Ovvero di come diamo violenza alle parole.

Redazione Prima Pagina Mazara
Redazione Prima Pagina Mazara
17 Luglio 2021 18:30
Ultime della sera, “Lenny Bruce: una vita prematura”

C’è qualche lurido negro qui stasera? Volete accendere le luci per favore e i camerieri e le cameriere possono smettere di servire per un momento? Grazie…grazie…grazie.
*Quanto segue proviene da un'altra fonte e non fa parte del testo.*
lemma measurable_is_prox:
  assumes "proper_fun h" and "convex_fun h" and "\<eta> > 0"
    and a: "a \<in> borel_measurable M" and u: "\<And>\<xi>. \<xi> \<in> space M \<Longrightarrow> is_prox h \<eta> (a \<xi>) (u \<xi>)"
  shows "u \<in> borel_measurable M"
proof -
  define S where "S = {b. \<exists>v. is_prox h \<eta> b v}"
  define prox where "prox b = (SOME v. is_prox h \<eta> b v)" for b
  have prox: "is_prox h \<eta> b (prox b)" if "b \<in> S" for b
    using that unfolding S_def prox_def by (auto intro: someI_ex)
  have "1-lipschitz_on S prox"
    using is_prox_nonexpansive[OF prox prox assms(1-3)] by (intro lipschitz_onI) (auto simp: dist_norm)
  then have "prox \<in> borel_measurable (restrict_space borel S)"
    by (intro borel_measurable_continuous_on_restrict lipschitz_on_continuous_on)
  moreover have "a \<in> measurable M (restrict_space borel S)"
    using a u by (intro measurable_restrict_space2) (auto simp: S_def)
  ultimately have "(\<lambda>\<xi>. prox (a \<xi>)) \<in> borel_measurable M"
    by (rule measurable_compose[rotated])
  moreover have "u \<xi> = prox (a \<xi>)" if "\<xi> \<in> space M" for \<xi>
  proof -
    have "a \<xi> \<in> S" using u[OF that] by (auto simp: S_def)
    from is_prox_nonexpansive[OF u[OF that] prox[OF this] assms(1-3)] show ?thesis by simp
  qed
  ultimately show ?thesis by (simp cong: measurable_cong)
qed

lemma bregman_nonneg:
  assumes grad: "\<And>u. (f has_derivative (\<lambda>h. gf u \<bullet> h)) (at u)" and "convex_on UNIV f"
  shows "0 \<le> bregman f gf u w"
proof -
  define \<phi> where "\<phi> s = f (w + s *\<^sub>R (u - w))" for s :: real
  have "convex_on UNIV \<phi>"
  proof (rule convex_onI)
    fix t s1 s2 :: real
    assume "0 < t" "t < 1"
    moreover have "w + ((1 - t) *\<^sub>R s1 + t *\<^sub>R s2) *\<^sub>R (u - w)
        = (1 - t) *\<^sub>R (w + s1 *\<^sub>R (u - w)) + t *\<^sub>R (w + s2 *\<^sub>R (u - w))"
      by (simp add: algebra_simps)
    ultimately show "\<phi> ((1 - t) *\<^sub>R s1 + t *\<^sub>R s2) \<le> (1 - t) * \<phi> s1 + t * \<phi> s2"
      unfolding \<phi>_def using convex_onD[OF \<open>convex_on UNIV f\<close>, of t] by auto
  qed simp
  moreover have "(\<phi> has_real_derivative (gf w \<bullet> (u - w))) (at 0)"
  proof -
    have "((\<lambda>s. w + s *\<^sub>R (u - w)) has_derivative (\<lambda>s. s *\<^sub>R (u - w))) (at 0)"
      by (auto intro!: derivative_eq_intros)
    from has_derivative_compose[OF this grad[of "w + 0 *\<^sub>R (u - w)"]]
    have "(\<phi> has_derivative (\<lambda>s. s * (gf w \<bullet> (u - w)))) (at 0)"
      by (simp add: \<phi>_def[abs_def] o_def)
    then show ?thesis
      unfolding has_field_derivative_def by (rule has_derivative_eq_rhs) (simp add: fun_eq_iff)
  qed
  ultimately have "(gf w \<bullet> (u - w)) * (1 - 0) \<le> \<phi> 1 - \<phi> 0"
    by (intro convex_on_imp_above_tangent[where A = UNIV]) auto
  then show ?thesis by (simp add: \<phi>_def bregman_def)
qed

section \<open>Expectations and almost sure convergence\<close>

lemma nn_integral_indicator_indep:
  fixes G :: "'a \<Rightarrow> ennreal"
  assumes sub: "subalgebra M F" and S: "S \<in> sets M"
    and indep: "\<And>A. A \<in> sets F \<Longrightarrow> emeasure M (S \<inter> A) = c * emeasure M A"
    and G: "G \<in> borel_measurable F"
  shows "(\<integral>\<^sup>+\<xi>. indicator S \<xi> * G \<xi> \<partial>M) = c * (\<integral>\<^sup>+\<xi>. G \<xi> \<partial>M)"
proof -
  have sets_F: "sets F \<subseteq> sets M"
    using sub by (auto simp: subalgebra_def)
  have G_M: "G \<in> borel_measurable M" using measurable_from_subalg[OF sub G] .
  have G_restr: "G \<in> borel_measurable (restr_to_subalg M F)"
    using G by (subst measurable_cong_sets[OF sets_restr_to_subalg[OF sub] refl])
  \<comment> \<open>on \<open>F\<close>, the measure \<open>A \<mapsto> M (S \<inter> A)\<close> is the restriction of \<open>M\<close> scaled by \<open>c\<close>\<close>
  have "(\<integral>\<^sup>+\<xi>. indicator S \<xi> * G \<xi> \<partial>M) = (\<integral>\<^sup>+\<xi>. G \<xi> \<partial>density M (indicator S))"
    using S G_M by (simp add: nn_integral_density)
  also have "\<dots> = (\<integral>\<^sup>+\<xi>. G \<xi> \<partial>scale_measure c (restr_to_subalg M F))"
  proof (rule nn_integral_subalgebra[symmetric])
    show "G \<in> borel_measurable (scale_measure c (restr_to_subalg M F))"
      using G_restr by (subst measurable_cong_sets[OF sets_scale_measure refl])
    show "sets (scale_measure c (restr_to_subalg M F)) \<subseteq> sets (density M (indicator S))"
      using sets_F by (simp add: sets_restr_to_subalg[OF sub])
    show "space (scale_measure c (restr_to_subalg M F)) = space (density M (indicator S))"
      by (simp add: space_scale_measure space_restr_to_subalg)
    fix A assume "A \<in> sets (scale_measure c (restr_to_subalg M F))"
    then have A: "A \<in> sets F" by (simp add: sets_restr_to_subalg[OF sub])
    with sets_F have "emeasure (density M (indicator S)) A = emeasure M (S \<inter> A)"
      using S by (auto simp: emeasure_density nn_integral_indicator indicator_inter_arith[symmetric]
          simp del: indicator_inter_arith)
    then show "emeasure (scale_measure c (restr_to_subalg M F)) A = emeasure (density M (indicator S)) A"
      using A by (simp add: emeasure_restr_to_subalg[OF sub] indep)
  qed
  also have "\<dots> = c * (\<integral>\<^sup>+\<xi>. G \<xi> \<partial>M)"
    using G_restr by (simp add: nn_integral_scale_measure nn_integral_subalgebra2[OF sub G])
  finally show ?thesis .
qed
Che cosa ha detto? C’è qualche lurido negro qui stasera? Io so che ce n’è uno perché lo vedo lavorare. Mmmh Vediamo…ecco là due luridi negri e fra quei due negri c’è un giudio usuraio e…un altro giudio…due usurai e tre negri c’è anche uno spaghetti giusto? Oh! Ecco un altro spaghetti e uh! Ecco là un greco traditore e poi un paio di spagnoli unti e tre ubriaconi irlandesi vestiti bene. E poi c’è un tipo nero…nero…moro…brutto. Un lurido negro! Uhm!...Ho tre usurai qui…qualcuno dice cinque usurai? Siamo a cinque usurai. Qualcuno dice sei spaghetti, ho sei spaghetti. Qualcuno dice sette negri? Siamo a sette negri…aggiudicato.

Io passo con sette luridi negri, sei spaghetti, cinque ubriaconi irlandesi, quattro greci traditori e tre usurai. E –al negro- eh eh eh…stavi per spaccarmi la faccia vero? …
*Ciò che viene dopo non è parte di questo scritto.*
(* Let $f:\mathbb{R}^n\to\mathbb{R}^n$ be locally Lipschitz with $f(0)=0$, let $z(t,x)$ denote the solution of $\dot z=f(z)$ with $z(0)=x$, and let $V\in C^1(\mathbb{R}^n;\mathbb{R}^+)$ be a Lyapunov function for $\dot z=f(z)$. Then: (i) There exists a locally Lipschitz positive definite $W:\mathbb{R}^n\to\mathbb{R}^+$ with $W(x)\le-\nabla V(x)f(x)$ for all $x\in\mathbb{R}^n$. (ii) Let $l_f:\mathbb{R}^n\to(0,+\infty)$ be continuous with $l_f(x)\ge\sup\{|f(y)-f(z)|/|y-z|: y\ne z,\ \max\{V(y),V(z)\}\le V(x)\}$ for all $x\ne0$. Then for every $b>0$ there exists a continuous positive definite $\tilde W:\mathbb{R}^n\to\mathbb{R}^+$ such that $V(z(h,x))\le V(x)-h\tilde W(x)$ for all $x\in\mathbb{R}^n$ and all $h\in[0,b/l_f(x)]$. (iii) Let $b>0$, let $l_f$ be as in (ii), let $W$ be a locally Lipschitz positive definite function with $W(x)\le-\nabla V(x)f(x)$ for all $x$, and let $l_W^b:\mathbb{R}^n\to\mathbb{R}^+$ be continuous, positive definite, with $l_W^b(x)\ge\sup\{|W(y)-W(z)|/|y-z|: y\ne z,\ \max\{|y|,|z|\}\le\exp(b)|x|\}$ for all $x\ne0$. If there exist $\varepsilon,c>0$ with $|x|\,l_W^b(x)\le cW(x)$ for all $x\in B_\varepsilon(0)$, then for each $\lambda\in(0,1)$ and each continuous $\varphi:\mathbb{R}^n\to(0,+\infty)$ satisfying $$\varphi(x)\le\min\Big\{\frac{b}{l_f(x)},\ \frac{(1-\lambda)\exp(-b)W(x)}{|x|\,l_W^b(x)\,l_f(x)}\Big\}\quad\forall x\ne0,$$ one has $V(z(h,x))\le V(x)-\lambda hW(x)$ for all $x\in\mathbb{R}^n$ and $h\in[0,\varphi(x)]$.
   Context: A Lyapunov function for $\dot z=f(z)$ is a positive definite, radially unbounded $V\in C^1(\mathbb{R}^n;\mathbb{R}^+)$ with $\nabla V(x)f(x)<0$ for all $x\ne0$. Positive definite means $V(0)=0$ and $V(x)>0$ for $x\ne0$; radially unbounded means every sublevel set $\{V\le M\}$ is compact. $B_\varepsilon(0)$ is the open ball of radius $\varepsilon$ centered at 0. *)

theory Defs
  imports "HOL-Analysis.Analysis"
begin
E con questo siamo arrivati al punto.

Cioè che è la repressione di una parola quella che le dà violenza, forza e malvagità.

Attenti…se il Presidente Kennedy apparisse in televisione e dicesse vorrei farvi conoscere tutti quanti i negri del mio gabinetto e continuasse a dire negro negro negro negro e tutti quanti i negri che vede moro moro moro negro negro negro finché negro non significa niente…mai più! Allora non vedreste piangere un bambino di colore di sei anni perché qualcuno a scuola lo ha chiamato negro.”
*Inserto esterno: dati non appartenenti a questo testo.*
lemma lcoeff_raise_both:
  assumes qk: "\<forall>k\<ge>1. (q::'a::field) ^ k \<noteq> 1" and "2 * k \<le> n"
  shows "lcoeff q m (n + 2) (k + 1) * qint q (k + 1) * qint q (m + n + 1)
       = q ^ k * qint q (n + 2) * qint q (n + 1 - 2 * k) * lcoeff q m (n + 1) k"
proof -
  have "qfact q (n + 1 - 2 * k) = qfact q (n - 2 * k) * qint q (n + 1 - 2 * k)"
    using qfact_Suc[of q "n - 2 * k"] assms(2) by (simp add: Suc_diff_le)
  moreover have "qfact q (m + (n + 2) - 1) = qfact q (m + (n + 1) - 1) * qint q (m + n + 1)"
    using qfact_Suc[of q "m + n"] by simp
  moreover have "qfact q (n + 2) = qfact q (n + 1) * qint q (n + 2)"
    using qfact_Suc[of q "n + 1"] by simp
  moreover have "qfact q (k + 1) = qfact q k * qint q (k + 1)"
    using qfact_Suc[of q k] by simp
  moreover have "(k + 1) choose 2 = (k choose 2) + k"
    by (simp add: numeral_2_eq_2)
  moreover have "m + (n + 2) - (k + 1) - 1 = m + (n + 1) - k - 1" "n + 2 - 2 * (k + 1) = n - 2 * k"
    by simp_all
  moreover have "qint q (k + 1) \<noteq> 0" "qint q (m + n + 1) \<noteq> 0" "qint q (n + 1 - 2 * k) \<noteq> 0"
    using qint_nonzero[OF qk] assms(2) by simp_all
  ultimately show ?thesis
    unfolding lcoeff_def using assms(2) qfact_nonzero[OF qk] by (simp add: field_simps power_add)
qed

lemma lcoeff_raise_k:
  assumes qk: "\<forall>k\<ge>1. (q::'a::field) ^ k \<noteq> 1" and "2 * k \<le> n"
  shows "lcoeff q m (n + 1) (k + 1) * qint q (k + 1) * qint q (m + n - k)
       = q ^ k * qint q (n + 1 - 2 * k) * qint q (n - 2 * k) * lcoeff q m (n + 1) k"
proof (cases "n = 2 * k")
  case True
  then show ?thesis unfolding lcoeff_def by simp
next
  case False
  then have kn: "2 * k + 1 \<le> n" using assms(2) by simp
  have "qfact q (n + 1 - 2 * k) = qfact q (n - 1 - 2 * k) * qint q (n - 2 * k) * qint q (n + 1 - 2 * k)"
    using qfact_pred[of "n - 2 * k" q] qfact_Suc[of q "n - 2 * k"] kn
    by (simp add: Suc_diff_le)
  moreover have "qfact q (m + (n + 1) - k - 1) = qfact q (m + n - k - 1) * qint q (m + n - k)"
    using qfact_pred[of "m + n - k" q] kn by simp
  moreover have "qfact q (k + 1) = qfact q k * qint q (k + 1)"
    using qfact_Suc[of q k] by simp
  moreover have "(k + 1) choose 2 = (k choose 2) + k"
    by (simp add: numeral_2_eq_2)
  moreover have "m + (n + 1) - (k + 1) - 1 = m + n - k - 1" "n + 1 - 2 * (k + 1) = n - 1 - 2 * k"
    by simp_all
  moreover have "qint q (k + 1) \<noteq> 0" "qint q (m + n - k) \<noteq> 0" "qint q (n - 2 * k) \<noteq> 0"
      "qint q (n + 1 - 2 * k) \<noteq> 0"
    using qint_nonzero[OF qk] kn by simp_all
  ultimately show ?thesis
    unfolding lcoeff_def using kn qfact_nonzero[OF qk] by (simp add: field_simps power_add)
qed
Ecco. Lenny Bruce era così.

Quello riportato sopra è uno dei monologhi tratto dal film Lenny di Bob Fosse del ’74, magistralmente interpretato da uno strepitoso Dustin Hoffmann sulla vita di Lenny Bruce un comico anticonformista ed attore morto per overdose nel 1966.

Il film quando uscì non ebbe il successo sperato considerati i trascorsi di Dustin Hoffmann…Il Laureato, Cane di paglia…Un uomo da marciapiede…

Del resto c'era da aspettarselo…la “grammatica mentale” richiede tempi molto più lunghi di quella linguistica.

In un’America bacchettona e fondamentalmente puritana e di stampo cromwelliano in tanti ne pagarono come Lenny Bruce lo scotto.

Figuratevi che anche i Rolling Stones per partecipare all’Ed Sullivan Show nel ’67 dovettero modificare il titolo di una loro canzone di grande successo perché molto esplicito in ”Let’s spend some time together”.

Lenny Bruce era un visionario…prematuro.

Pagò anche con il carcere il suo essere avanti.

Morì di overdose.

Ed oggi direte voi?

Non credo ci sia da stare molto allegri ma se voi siete convinti che in Italia si stia meglio…

di Corrado SANSONE

La rubrica Le ultime della sera” è a cura della Redazione Amici di Penna.